(* Under the hypotheses of the sequential gradient descent setting (see context), $\sum_{k=1}^\infty\gamma_k^2\|\nabla J_k(x_k)\|^2<\infty$.
   Context: $Q\in\mathbb{R}^{n\times n}$ symmetric positive semidefinite, $q\in\mathbb{R}^n$, $A\in\mathbb{R}^{n\times n}$ symmetric positive definite, $v\in\mathbb{R}^n$. $f(x)=\tfrac12 x^\top Qx+q^\top x$, $g(x)=(x-v)^\top A(x-v)$, $\mathcal{C}=\{x:g(x)\le1\}$, $\partial\mathcal{C}=\{x:g(x)=1\}$, $J_k(x)=f(x)+\frac{m}{k}g(x)^k$, $L_k=\bar\sigma(Q+m(4k-2)A)$, $r=\sqrt{\underline\sigma(A)}/\bar\sigma(A)$ ($\bar\sigma,\underline\sigma$ largest/smallest singular value). Setting: $m>0$ satisfies Requirement 2, namely with $w(x)=\nabla f(x)+m\nabla g(x)$, $\|w(x)\|^2\|\nabla g(x)\|\le 2rL_1\langle w(x),\nabla g(x)\rangle$ for all $x\in\partial\mathcal{C}$; $x_1\in\mathcal{C}$; $x_{k+1}=x_k-\gamma_k\nabla J_k(x_k)$ with $0<\gamma_k\le1/L_k$, $\sum_k\gamma_k^2<\infty$, $\sum_k\gamma_k=\infty$. *)

theory Defs
  imports "HOL-Analysis.Analysis"
begin

definition grad :: "('a::euclidean_space \<Rightarrow> real) \<Rightarrow> 'a \<Rightarrow> 'a" where
  "grad F x = (THE d. (F has_derivative (\<lambda>h. d \<bullet> h)) (at x))"

definition sv_max :: "real^'n^'n \<Rightarrow> real" where
  "sv_max M = onorm (\<lambda>x. M *v x)"

definition sv_min :: "real^'n^'n \<Rightarrow> real" where
  "sv_min M = Inf {norm (M *v x) | x. norm x = 1}"

definition fobj :: "real^'n^'n \<Rightarrow> real^'n \<Rightarrow> real^'n \<Rightarrow> real" where
  "fobj Q q x = (1/2) * (x \<bullet> (Q *v x)) + q \<bullet> x"

definition gcon :: "real^'n^'n \<Rightarrow> real^'n \<Rightarrow> real^'n \<Rightarrow> real" where
  "gcon A v x = (x - v) \<bullet> (A *v (x - v))"

definition Jpen :: "real^'n^'n \<Rightarrow> real^'n \<Rightarrow> real^'n^'n \<Rightarrow> real^'n \<Rightarrow> real \<Rightarrow> nat \<Rightarrow> real^'n \<Rightarrow> real" where
  "Jpen Q q A v m k x = fobj Q q x + (m / real k) * (gcon A v x) ^ k"

definition Lconst :: "real^'n^'n \<Rightarrow> real^'n^'n \<Rightarrow> real \<Rightarrow> nat \<Rightarrow> real" where
  "Lconst Q A m k = sv_max (Q + (m * (4 * real k - 2)) *\<^sub>R A)"

definition rconst :: "real^'n^'n \<Rightarrow> real" where
  "rconst A = sqrt (sv_min A) / sv_max A"

end

theory Submission
  imports Defs "HOL-Homology.Invariance_of_Domain"
begin

text \<open>The gradients are bounded uniformly in \<open>k\<close> on the compact ellipsoid
  \<open>C = {g \<le> 1}\<close>, so the claim reduces to showing that every iterate stays in \<open>C\<close>.
  For a step \<open>T y = y - \<tau> \<nabla>J\<^sub>k y\<close> with \<open>\<tau> L\<^sub>k < 1\<close>, the one-sided Lipschitz bound
  \<open>\<langle>\<nabla>J\<^sub>k y - \<nabla>J\<^sub>k y', y - y'\<rangle> \<le> L\<^sub>k \<parallel>y - y'\<parallel>\<^sup>2\<close> on \<open>C\<close> makes \<open>T\<close> injective there.
  Maximise \<open>g \<circ> T\<close> over \<open>C\<close>: at a boundary maximiser Requirement 2 keeps the step
  inside \<open>C\<close>; at an interior maximiser \<open>y\<close>, invariance of domain makes \<open>T y\<close> an
  interior point of \<open>T C\<close>, and pushing it radially away from the centre \<open>v\<close>
  would increase \<open>g\<close>, so \<open>g (T y) = 0\<close>. The borderline step \<open>\<tau> = 1/L\<^sub>k\<close>
  follows by closedness.\<close>

lemma symmetric_matrix_inner_commute:
  fixes M :: "real^'n^'n"
  assumes "transpose M = M"
  shows "x \<bullet> (M *v y) = y \<bullet> (M *v x)"
  by (metis assms dot_lmul_matrix vector_transpose_matrix inner_commute)

lemma matrix_add_scaleR_vector:
  fixes Q A :: "real^'n^'n"
  shows "(Q + c *\<^sub>R A) *v x = Q *v x + c *\<^sub>R (A *v x)"
  by (simp add: matrix_vector_mult_add_rdistrib scaleR_matrix_vector_assoc)

lemma quadratic_form_scaleR:
  fixes A :: "real^'n^'n"
  shows "(t *\<^sub>R y) \<bullet> (A *v (t *\<^sub>R y)) = t\<^sup>2 * (y \<bullet> (A *v y))"
  by (simp add: matrix_vector_mult_scaleR power2_eq_square)

lemma norm_matrix_vector_le_sv_max: "norm (M *v x) \<le> sv_max M * norm x"
  unfolding sv_max_def by (rule onorm[OF matrix_vector_mul_bounded_linear])

lemma sv_max_nonneg: "0 \<le> sv_max M"
  unfolding sv_max_def by (rule onorm_pos_le[OF matrix_vector_mul_bounded_linear])

lemma quadratic_form_le_sv_max: "x \<bullet> (M *v x) \<le> sv_max M * (norm x)\<^sup>2"
proof -
  have "x \<bullet> (M *v x) \<le> norm x * norm (M *v x)" by (rule norm_cauchy_schwarz)
  also have "\<dots> \<le> norm x * (sv_max M * norm x)"
    by (simp add: mult_left_mono norm_matrix_vector_le_sv_max)
  finally show ?thesis by (simp add: power2_eq_square mult_ac)
qed

lemma sv_min_nonneg: "0 \<le> sv_min M"
proof -
  have "{norm (M *v x) | x. norm x = 1} \<noteq> {}" using norm_axis_1 by blast
  then show ?thesis unfolding sv_min_def by (rule cInf_greatest) auto
qed

lemma sv_min_mult_norm_le: "sv_min M * norm u \<le> norm (M *v u)"
proof (cases "u = 0")
  case False
  define S where "S = {norm (M *v x) | x. norm x = 1}"
  have "norm ((1 / norm u) *\<^sub>R u) = 1" using False by simp
  then have "norm (M *v ((1 / norm u) *\<^sub>R u)) \<in> S" unfolding S_def by blast
  moreover have "bdd_below S" unfolding S_def by (rule bdd_belowI[of _ 0]) auto
  ultimately have "sv_min M \<le> norm (M *v ((1 / norm u) *\<^sub>R u))"
    unfolding sv_min_def S_def[symmetric] by (rule cInf_lower)
  also have "\<dots> = norm (M *v u) / norm u"
    by (simp add: matrix_vector_mult_scaleR divide_inverse mult.commute)
  finally show ?thesis using False by (simp add: field_simps)
qed simp

lemma psd_form_cauchy_schwarz:
  fixes M :: "real^'n^'n"
  assumes sym: "\<And>x y. x \<bullet> (M *v y) = y \<bullet> (M *v x)"
    and psd: "\<And>y. 0 \<le> y \<bullet> (M *v y)"
  shows "(y \<bullet> (M *v x))\<^sup>2 \<le> (y \<bullet> (M *v y)) * (x \<bullet> (M *v x))"
proof -
  define a b c where "a = y \<bullet> (M *v y)" and "b = y \<bullet> (M *v x)" and "c = x \<bullet> (M *v x)"
  have quad: "0 \<le> c + 2 * t * b + t\<^sup>2 * a" for t
  proof -
    have "0 \<le> (x + t *\<^sub>R y) \<bullet> (M *v (x + t *\<^sub>R y))" by (rule psd)
    also have "\<dots> = c + t * (x \<bullet> (M *v y)) + t * b + t\<^sup>2 * a"
      by (simp add: a_def b_def c_def matrix_vector_right_distrib matrix_vector_mult_scaleR
          inner_add_left inner_add_right power2_eq_square algebra_simps)
    also have "x \<bullet> (M *v y) = b" using sym b_def by simp
    finally show ?thesis by (simp add: algebra_simps)
  qed
  have "a \<ge> 0" using psd a_def by simp
  then consider "a = 0" | "a > 0" by linarith
  then have "b\<^sup>2 \<le> a * c"
  proof cases
    case 1
    have "b = 0"
    proof (rule ccontr)
      assume "b \<noteq> 0"
      with 1 quad[of "- (c + 1) / (2 * b)"] show False by (simp add: field_simps)
    qed
    then show ?thesis using 1 by simp
  next
    case 2
    with quad[of "- b / a"] show ?thesis by (simp add: field_simps power2_eq_square)
  qed
  then show ?thesis by (simp add: a_def b_def c_def)
qed

text \<open>Cauchy--Schwarz for \<open>M\<close> with \<open>y = M x\<close> gives \<open>\<parallel>M x\<parallel>\<^sup>4 \<le> (y \<bullet> M y) (x \<bullet> M x)\<close>,
  and both factors are bounded through \<open>M'\<close>.\<close>
lemma sv_max_mono_psd:
  fixes M M' :: "real^'n^'n"
  assumes sym: "\<And>x y. x \<bullet> (M *v y) = y \<bullet> (M *v x)"
    and psd: "\<And>y. 0 \<le> y \<bullet> (M *v y)"
    and le: "\<And>y. y \<bullet> (M *v y) \<le> y \<bullet> (M' *v y)"
  shows "sv_max M \<le> sv_max M'"
proof -
  define L where "L = sv_max M'"
  have L0: "0 \<le> L" using sv_max_nonneg L_def by simp
  have form_le: "z \<bullet> (M *v z) \<le> L * (norm z)\<^sup>2" for z
    using le[of z] quadratic_form_le_sv_max[of z M'] unfolding L_def by linarith
  have "norm (M *v x) \<le> L * norm x" for x
  proof -
    define y where "y = M *v x"
    have "((norm y)\<^sup>2)\<^sup>2 = (y \<bullet> (M *v x))\<^sup>2" by (simp add: y_def power2_norm_eq_inner)
    also have "\<dots> \<le> (y \<bullet> (M *v y)) * (x \<bullet> (M *v x))" by (rule psd_form_cauchy_schwarz[OF sym psd])
    also have "\<dots> \<le> (L * (norm y)\<^sup>2) * (L * (norm x)\<^sup>2)"
      using L0 by (intro mult_mono form_le psd) simp_all
    finally have "(norm y)\<^sup>2 * (norm y)\<^sup>2 \<le> (L * norm x)\<^sup>2 * (norm y)\<^sup>2"
      by (simp add: power2_eq_square mult_ac)
    then have "y = 0 \<or> (norm y)\<^sup>2 \<le> (L * norm x)\<^sup>2"
      using mult_right_le_imp_le[where c = "(norm y)\<^sup>2"]
      by (metis norm_eq_zero zero_less_power2)
    then show ?thesis using L0 by (auto simp: y_def intro: power2_le_imp_le)
  qed
  then show ?thesis unfolding sv_max_def L_def by (rule onorm_le)
qed

lemma pd_imp_psd:
  fixes A :: "real^'n^'n"
  assumes "\<forall>y. y \<noteq> 0 \<longrightarrow> 0 < y \<bullet> (A *v y)"
  shows "0 \<le> y \<bullet> (A *v y)"
  using assms by (cases "y = 0") (auto intro: less_imp_le)

lemma pd_form_coercive:
  fixes A :: "real^'n^'n"
  assumes pd: "\<forall>y. y \<noteq> 0 \<longrightarrow> 0 < y \<bullet> (A *v y)"
  obtains c where "c > 0" "\<And>y. c * (norm y)\<^sup>2 \<le> y \<bullet> (A *v y)"
proof -
  have cont: "continuous_on (sphere 0 1) (\<lambda>y. y \<bullet> (A *v y))"
    by (intro continuous_on_inner continuous_on_id linear_continuous_on
        matrix_vector_mul_bounded_linear)
  have "sphere (0::real^'n) 1 \<noteq> {}" using norm_axis_1 by (metis dist_0_norm mem_sphere empty_iff)
  then obtain y0 where y0: "norm y0 = 1" "\<And>y. norm y = 1 \<Longrightarrow> y0 \<bullet> (A *v y0) \<le> y \<bullet> (A *v y)"
    using continuous_attains_inf[OF compact_sphere _ cont] by auto
  have "y0 \<bullet> (A *v y0) * (norm y)\<^sup>2 \<le> y \<bullet> (A *v y)" for y
  proof (cases "y = 0")
    case False
    have "y0 \<bullet> (A *v y0) \<le> ((1 / norm y) *\<^sub>R y) \<bullet> (A *v ((1 / norm y) *\<^sub>R y))"
      using False by (intro y0(2)) simp
    also have "\<dots> = (y \<bullet> (A *v y)) / (norm y)\<^sup>2"
      by (simp only: quadratic_form_scaleR) (simp add: power_one_over)
    finally show ?thesis using False by (simp add: field_simps)
  qed simp
  moreover have "y0 \<noteq> 0" using y0(1) by auto
  then have "0 < y0 \<bullet> (A *v y0)" using pd by blast
  ultimately show ?thesis using that by blast
qed

lemma grad_eqI:
  fixes F :: "'a::euclidean_space \<Rightarrow> real"
  assumes "(F has_derivative (\<lambda>h. d \<bullet> h)) (at x)"
  shows "grad F x = d"
  unfolding grad_def
proof (rule the_equality)
  fix d' assume "(F has_derivative (\<lambda>h. d' \<bullet> h)) (at x)"
  then have "(\<lambda>h. d' \<bullet> h) = (\<lambda>h. d \<bullet> h)" using has_derivative_unique assms by blast
  then have "(d' - d) \<bullet> (d' - d) = 0" by (metis inner_diff_left right_minus_eq)
  then show "d' = d" by simp
qed (rule assms)

lemma gcon_has_derivative:
  assumes "transpose A = A"
  shows "(gcon A v has_derivative (\<lambda>h. (2 *\<^sub>R (A *v (x - v))) \<bullet> h)) (at x)"
proof -
  have d: "((\<lambda>y. y - v) has_derivative (\<lambda>h. h)) (at x)"
    by (auto intro!: derivative_eq_intros)
  have "(gcon A v has_derivative (\<lambda>h. (x - v) \<bullet> (A *v h) + h \<bullet> (A *v (x - v)))) (at x)"
    unfolding gcon_def
    by (rule has_derivative_inner[OF d bounded_linear.has_derivative[OF matrix_vector_mul_bounded_linear d]])
  moreover have "(x - v) \<bullet> (A *v h) + h \<bullet> (A *v (x - v)) = (2 *\<^sub>R (A *v (x - v))) \<bullet> h" for h
    using symmetric_matrix_inner_commute[OF assms, of "x - v" h] by (simp add: inner_commute)
  ultimately show ?thesis by simp
qed

lemma fobj_has_derivative:
  assumes "transpose Q = Q"
  shows "(fobj Q q has_derivative (\<lambda>h. (Q *v x + q) \<bullet> h)) (at x)"
proof -
  have "fobj Q q = (\<lambda>y. (1/2) * gcon Q 0 y + q \<bullet> y)"
    by (simp add: fun_eq_iff fobj_def gcon_def)
  moreover have "((\<lambda>y. (1/2) * gcon Q 0 y + q \<bullet> y) has_derivative
      (\<lambda>h. (1/2) * ((2 *\<^sub>R (Q *v (x - 0))) \<bullet> h) + q \<bullet> h)) (at x)"
    by (intro has_derivative_add has_derivative_mult_right gcon_has_derivative[OF assms]
        has_derivative_inner_right has_derivative_ident)
  ultimately show ?thesis by (simp add: inner_add_left)
qed

lemma grad_fobj: "transpose Q = Q \<Longrightarrow> grad (fobj Q q) x = Q *v x + q"
  by (rule grad_eqI[OF fobj_has_derivative])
+-------+
→ Requirement
For the lines above, output exactly those from the line containing "theory Submission" through the line containing "interior point of", and skip the others.

→ Expected answer
theory Submission
  imports Defs "HOL-Homology.Invariance_of_Domain"
begin

text \<open>The gradients are bounded uniformly in \<open>k\<close> on the compact ellipsoid
  \<open>C = {g \<le> 1}\<close>, so the claim reduces to showing that every iterate stays in \<open>C\<close>.
  For a step \<open>T y = y - \<tau> \<nabla>J\<^sub>k y\<close> with \<open>\<tau> L\<^sub>k < 1\<close>, the one-sided Lipschitz bound
  \<open>\<langle>\<nabla>J\<^sub>k y - \<nabla>J\<^sub>k y', y - y'\<rangle> \<le> L\<^sub>k \<parallel>y - y'\<parallel>\<^sup>2\<close> on \<open>C\<close> makes \<open>T\<close> injective there.
  Maximise \<open>g \<circ> T\<close> over \<open>C\<close>: at a boundary maximiser Requirement 2 keeps the step
  inside \<open>C\<close>; at an interior maximiser \<open>y\<close>, invariance of domain makes \<open>T y\<close> an
  interior point of \<open>T C\<close>, and pushing it radially away from the centre \<open>v\<close>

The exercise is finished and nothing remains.